Avoid: Treating Brier score and ECE as interchangeable. Brier measures overall accuracy of probability estimates; ECE measures binned calibration. Track both — a model can have decent Brier but poor ECE if errors are concentrated in specific confidence ranges.

Error Handling

Planner returns malformed JSON: Validate against the ActionPlan schema before passing to the Auditor. If parsing fails, retry once with a stricter prompt requesting valid JSON. If it fails again, route to Yellow lane for manual handling.
Auditor flags drift but coverage is fine: This is an early warning, not an immediate failure. Log it, continue processing, and investigate if drift persists across multiple batches. It may indicate the input distribution has changed (new patient population, new code patterns).
Tier 1 regeneration still fails after max retries: Route to Yellow lane. Do not force the model to produce a plan — a flagged incomplete plan is safer than a hallucinated complete one.
Discrepancy buffer grows unboundedly: Set a buffer size limit or TTL. If cases aren't being resolved by replay, the issue is likely in the prompt or context, not the retry mechanism. Escalate for prompt engineering review.
Confidence scores cluster at extremes (all 0.95 or all 0.50): The model isn't calibrating well.

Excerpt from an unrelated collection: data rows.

(* Let $\mathbb{F}\in\{\mathbb{R},\mathbb{C}\}$, $N\ge 2$, and let $\mathcal{E}(M,N)=\{\{\varphi_i\}_{i=1}^M\subseteq\mathbb{F}^N:\|\varphi_i\|=\sqrt{N/M}\text{ for all }i\}$. Suppose an equiangular Parseval frame for $\mathbb{F}^N$ with $M$ vectors exists. Then $\Phi\in\mathcal{E}(M,N)$ maximizes $NE_2$ over $\mathcal{E}(M,N)$ if and only if $\Phi$ is an equiangular Parseval frame.
   Context: $\Phi$ also denotes the $N\times M$ matrix with columns $\varphi_i$. A Parseval frame satisfies $\Phi\Phi^*=I$; it is equiangular if all $\|\varphi_i\|$ are equal and all $|\langle\varphi_i,\varphi_j\rangle|$, $i\ne j$, are equal. For $K\subseteq[M]$, $\Phi_K$ is the submatrix of columns indexed by $K$. The nuclear norm $\|F\|_*$ is the sum of the singular values of $F$, and $NE_k(\Phi)=\sum_{|K|=k}\|\Phi_K\|_*$. *)

theory Defs
  imports Complex_Main "Jordan_Normal_Form.Schur_Decomposition" "Jordan_Normal_Form.Char_Poly"
begin

text \<open>A family of M vectors in F^N (F = R or C, embedded in C) is an N x M complex
  matrix Phi whose columns are the vectors; columns are indexed 0..M-1.\<close>

definition col_norm :: "complex mat \<Rightarrow> nat \<Rightarrow> real" where
  "col_norm Phi j = sqrt (\<Sum>r<dim_row Phi. (cmod (Phi $$ (r, j)))\<^sup>2)"

definition col_inner :: "complex mat \<Rightarrow> nat \<Rightarrow> nat \<Rightarrow> complex" where
  "col_inner Phi i j = (\<Sum>r<dim_row Phi. Phi $$ (r, i) * cnj (Phi $$ (r, j)))"

definition parseval :: "complex mat \<Rightarrow> bool" where
  "parseval Phi \<longleftrightarrow> Phi * mat_adjoint Phi = 1\<^sub>m (dim_row Phi)"

definition equiangular :: "complex mat \<Rightarrow> bool" where
  "equiangular Phi \<longleftrightarrow>
     (\<forall>i<dim_col Phi. \<forall>j<dim_col Phi. col_norm Phi i = col_norm Phi j) \<and>
     (\<forall>i<dim_col Phi. \<forall>j<dim_col Phi. \<forall>k<dim_col Phi. \<forall>l<dim_col Phi.
        i \<noteq> j \<longrightarrow> k \<noteq> l \<longrightarrow> cmod (col_inner Phi i j) = cmod (col_inner Phi k l))"

text \<open>Nuclear norm: sum of the singular values, i.e. of the square roots of the eigenvalues
  (counted with algebraic multiplicity) of A^* A.\<close>
definition nuclear_norm :: "complex mat \<Rightarrow> real" where
  "nuclear_norm A =
     (let p = char_poly (mat_adjoint A * A)
      in \<Sum>z\<in>{z. poly p z = 0}. real (order z p) * sqrt (Re z))"

definition col_submat :: "complex mat \<Rightarrow> nat set \<Rightarrow> complex mat" where
  "col_submat Phi K = mat (dim_row Phi) (card K) (\<lambda>(r, j). Phi $$ (r, enumerate K j))"

definition NE :: "nat \<Rightarrow> complex mat \<Rightarrow> real" where
  "NE k Phi = (\<Sum>K\<in>{K. K \<subseteq> {..<dim_col Phi} \<and> card K = k}. nuclear_norm (col_submat Phi K))"

definition frames_in :: "complex set \<Rightarrow> nat \<Rightarrow> nat \<Rightarrow> complex mat set" where
  "frames_in F M N = {Phi. Phi \<in> carrier_mat N M \<and> (\<forall>r<N. \<forall>j<M. Phi $$ (r, j) \<in> F)}"

definition E_set :: "complex set \<Rightarrow> nat \<Rightarrow> nat \<Rightarrow> complex mat set" where
  "E_set F M N = {Phi \<in> frames_in F M N. \<forall>j<M. col_norm Phi j = sqrt (real N / real M)}"

end

theory Submission
  imports Defs "HOL-Analysis.Convex"
begin

(*
  For two columns of squared norm a = N/M whose inner product has squared modulus t, the Gram
  matrix has eigenvalues a + sqrt t and a - sqrt t, so the nuclear norm of the pair is
  sqrt (2a + 2 sqrt (a^2 - t)), a strictly concave function of t. The frame potential
  sum_{i,j} |<phi_i, phi_j>|^2 equals the squared Frobenius norm of Phi Phi^*, hence is at least N,
  with equality exactly for Parseval frames; so the squared overlaps over the M(M-1)/2 pairs add up
  to at least M(M-1)/2 times the Welch bound N(M-N)/(M^2(M-1)). The tangent line of the concave
  function at the Welch bound then bounds NE_2 by M(M-1)/2 times its value there, with equality
  iff every squared overlap equals the Welch bound, i.e. iff Phi is an equiangular Parseval frame.
  An equiangular Parseval frame, which exists by hypothesis, attains the bound.
*)

lemma enumerate_doubleton:
  assumes "i < (j::nat)"
  shows "enumerate {i, j} 0 = i" and "enumerate {i, j} (Suc 0) = j"
proof -
  have least: "(LEAST n. n \<in> {i, j}) = i"
    using assms by (intro Least_equality) auto
  then show "enumerate {i, j} 0 = i"
    by (simp add: enumerate_0)
  have "{i, j} - {i} = {j}"
    using assms by auto
  moreover have "(LEAST n. n = j) = j"
    by (rule Least_equality) auto
  ultimately show "enumerate {i, j} (Suc 0) = j"
    using least by (simp add: enumerate_Suc enumerate_0)
qed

Add few-shot examples showing varied confidence levels with justification, or switch to a model with better inherent calibration.

Limitations

The Auditor can only check structural completeness (are categories present?) — it cannot assess clinical or semantic correctness of the content within each category. A plan that says "follow up with cardiology" for a dermatology patient will pass the coverage check.
Confidence calibration requires accumulated data (50+ episodes minimum) to produce meaningful Brier/ECE metrics. Early runs will have noisy calibration numbers.
Tier 2 replay assumes that a second attempt with the same or enriched context will succeed. For fundamentally ambiguous inputs, replay may not help.
The mandatory-category model works best when the output space is well-defined and enumerable. For open-ended creative tasks with no fixed checklist, this pattern adds overhead without proportional benefit.
Drift monitoring via L1 distance is a coarse signal. It detects large distributional shifts but won't catch subtle quality degradation within categories.

Reference

Paper: Wu, K., Nagori, A., & Kamaleswaran, R. (2026). "Planner-Auditor Twin: Agentic Discharge Planning with FHIR-Based LLM Planning, Guideline Recall, Optional Caching and Self-Improvement." arXiv:2601.21113v1

Look for: Table 1 ablation results showing the impact of each component (baseline 32% -> self-improve 86% -> replay 100% coverage), the formal definitions of Brier/ECE/drift metrics, and the Green/Yellow/Red triage routing logic.